El informe destaca que las pequeñas y medianas empresas son las más perjudicadas, ya que aproximada-mente el 45% de sus trabajadores recibe uno o hasta 1,2 salarios mínimos, lo que implica un impacto considerable en su estructura de costos. Por el contrario, las grandes empresas, con una menor dependencia del salario mínimo, pueden sortear mejor estos incrementos. Esta disparidad puede aumentar la brecha entre diferentes tipos de empleadores y restringir la generación de empleo formal.
A esto se suma la reducción progresiva de la jornada laboral iniciada en 2023, que incrementa el costo por hora trabajada.

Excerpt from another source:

(* Let $K\ge 1$ and $B\in\{1,\dots,K\}$ be integers, and put $K'=\lfloor K/B\rfloor$. Let $h_1,\dots,h_K,g_1,\dots,g_K,h_d$ be independent $\mathcal{CN}(0,1)$ random variables, set $v_k=h_kg_k$ for $k=1,\dots,K$, and for $i=1,\dots,K'$ set $v'_i=\sum_{b=1}^{B}v_{b+(i-1)B}$; write $\mathbf v'=(v'_1,\dots,v'_{K'})^T$. Let $\beta_d,\beta_l>0$, $P_{\rm tr}>0$, $\sigma^2>0$, $\gamma>0$, and let $T_c$ be an integer with $T_c>K'+1$. Pilot phase and estimates: put $T_p=K'+1$. Let $\Phi\in\mathbb C^{T_p\times T_p}$ be the DFT matrix $\Phi_{m,k}=e^{-j2\pi(m-1)(k-1)/T_p}$ ($m,k=1,\dots,T_p$), and write its $m$-th row as $[1,\boldsymbol\phi_m^T]$ with $\boldsymbol\phi_m\in\mathbb C^{K'}$. For $m=1,\dots,T_p$ let $y_m=\sqrt{P_{\rm tr}}\big(\sqrt{\beta_d}\,h_d+\sqrt{\beta_l}\,\boldsymbol\phi_m^T\mathbf v'\big)x_m+n_m$, where $x_m\in\mathbb C$ are fixed with $|x_m|=1$ and $n_1,\dots,n_{T_p}$ are i.i.d. $\mathcal{CN}(0,\sigma^2)$, independent of all channels. Define the least-squares estimates $\hat h_d,\hat{\mathbf v}'=(\hat v'_1,\dots,\hat v'_{K'})^T$ by $\big(\sqrt{\beta_d}\,\hat h_d,\ \sqrt{\beta_l}\,\hat{\mathbf v}'^T\big)^T=\frac{1}{\sqrt{P_{\rm tr}}}\Phi^{-1}\big(y_1x_1^*,\dots,y_{T_p}x_{T_p}^*\big)^T,$ and define $\hat{\boldsymbol\phi}=(\hat\phi_1,\dots,\hat\phi_{K'})^T$ by $\hat\phi_i=e^{j\arg(\hat h_d/\hat v'_i)}$. Define the average achievable rate $R=\Big(1-\frac{K'+1}{T_c}\Big)\,\mathbb E\Big[\log_2\Big(1+\gamma\,\big|\sqrt{\beta_d}\,h_d+\sqrt{\beta_l}\,\hat{\boldsymbol\phi}^T\mathbf v'\big|^2\Big)\Big].$ Then $R\le\bar R$, where $\bar R=\Big(1-\frac{K'+1}{T_c}\Big)\log_2\Big(1+\gamma\big(\xi_1K'^2+\xi_2K'+\beta_d\big)\Big),$ with $\xi_1=\beta_l z^2$, $\xi_2=\beta_l(B-z^2)+\sqrt{\pi\beta_d\beta_l}\,z$, and $z=\frac{\sqrt{\pi}\,\Gamma(B+\tfrac12)}{2\,\Gamma(B)}.$
   Context: $\mathcal{CN}(0,s)$ denotes a circularly-symmetric complex Gaussian with variance $s$; $j=\sqrt{-1}$; $\arg$ is the complex argument; $\Gamma$ is the Gamma function; $x^*$ is complex conjugation. Physically, $h_k,g_k$ are source–RIS and destination–RIS fading coefficients of a $K$-element reconfigurable intelligent surface whose elements are grouped into $K'$ groups of $B$ neighbouring elements sharing a common phase shift, $h_d$ is the direct-link coefficient, $\beta_d,\beta_l$ are path-loss coefficients, $\gamma$ is the transmit SNR and $T_c$ the coherence block length (in symbols). *)

theory Defs
  imports "HOL-Probability.Probability"
begin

En sectores como seguridad privada, los gremios estiman que la combinación de la reducción de jornada, el incremento salarial y los recargos implica un aumento de hasta el 31,7% en los costos laborales, con el riesgo de perder unos 15.000 empleos.
Finalmente, Anif alerta sobre el efecto inflacionario del alza salarial, especialmente en actividades de servicios intensivos en mano de obra, donde el impacto puede empujar la inflación al 5,8% para 2026, cifra superior al 4,3% estimado previamente. Así, aunque la intención de mejorar los ingresos es legítima, los riesgos recaen sobre aquellos a quienes se pretende proteger, con el potencial de debilitar el empleo formal, agudizar la inflación y profundizar la informalidad.
¿Qué significa “salario mínimo vital” y cómo difiere de los modelos tradicionales?
El concepto de “salario mínimo vital”, según la Organización Internacional del Trabajo, hace referencia a una remuneración suficiente para cubrir una canasta de necesidades básicas, como alimentación, salud, vivienda y educación. En contraste, los modelos tradicionales de fijación del salario mínimo en Colombia han considerado la inflación observada y la productividad laboral como factores centrales para definir los incrementos anuales.
El reciente ajuste en Colombia se aparta de estos criterios, priorizando la noción de satisfacer necesidades mínimas fundamentales sin anclarse a la línea de pobreza ni emplear una metodología consensuada entre los diferentes actores del mercado laboral. Esta diferencia suscita preguntas sobre la sostenibilidad de la medida y sus repercusiones en la economía, particularmente en contextos de alta informalidad y debilitado crecimiento empresarial.
* Este artículo fue curado con apoyo de inteligencia artificial.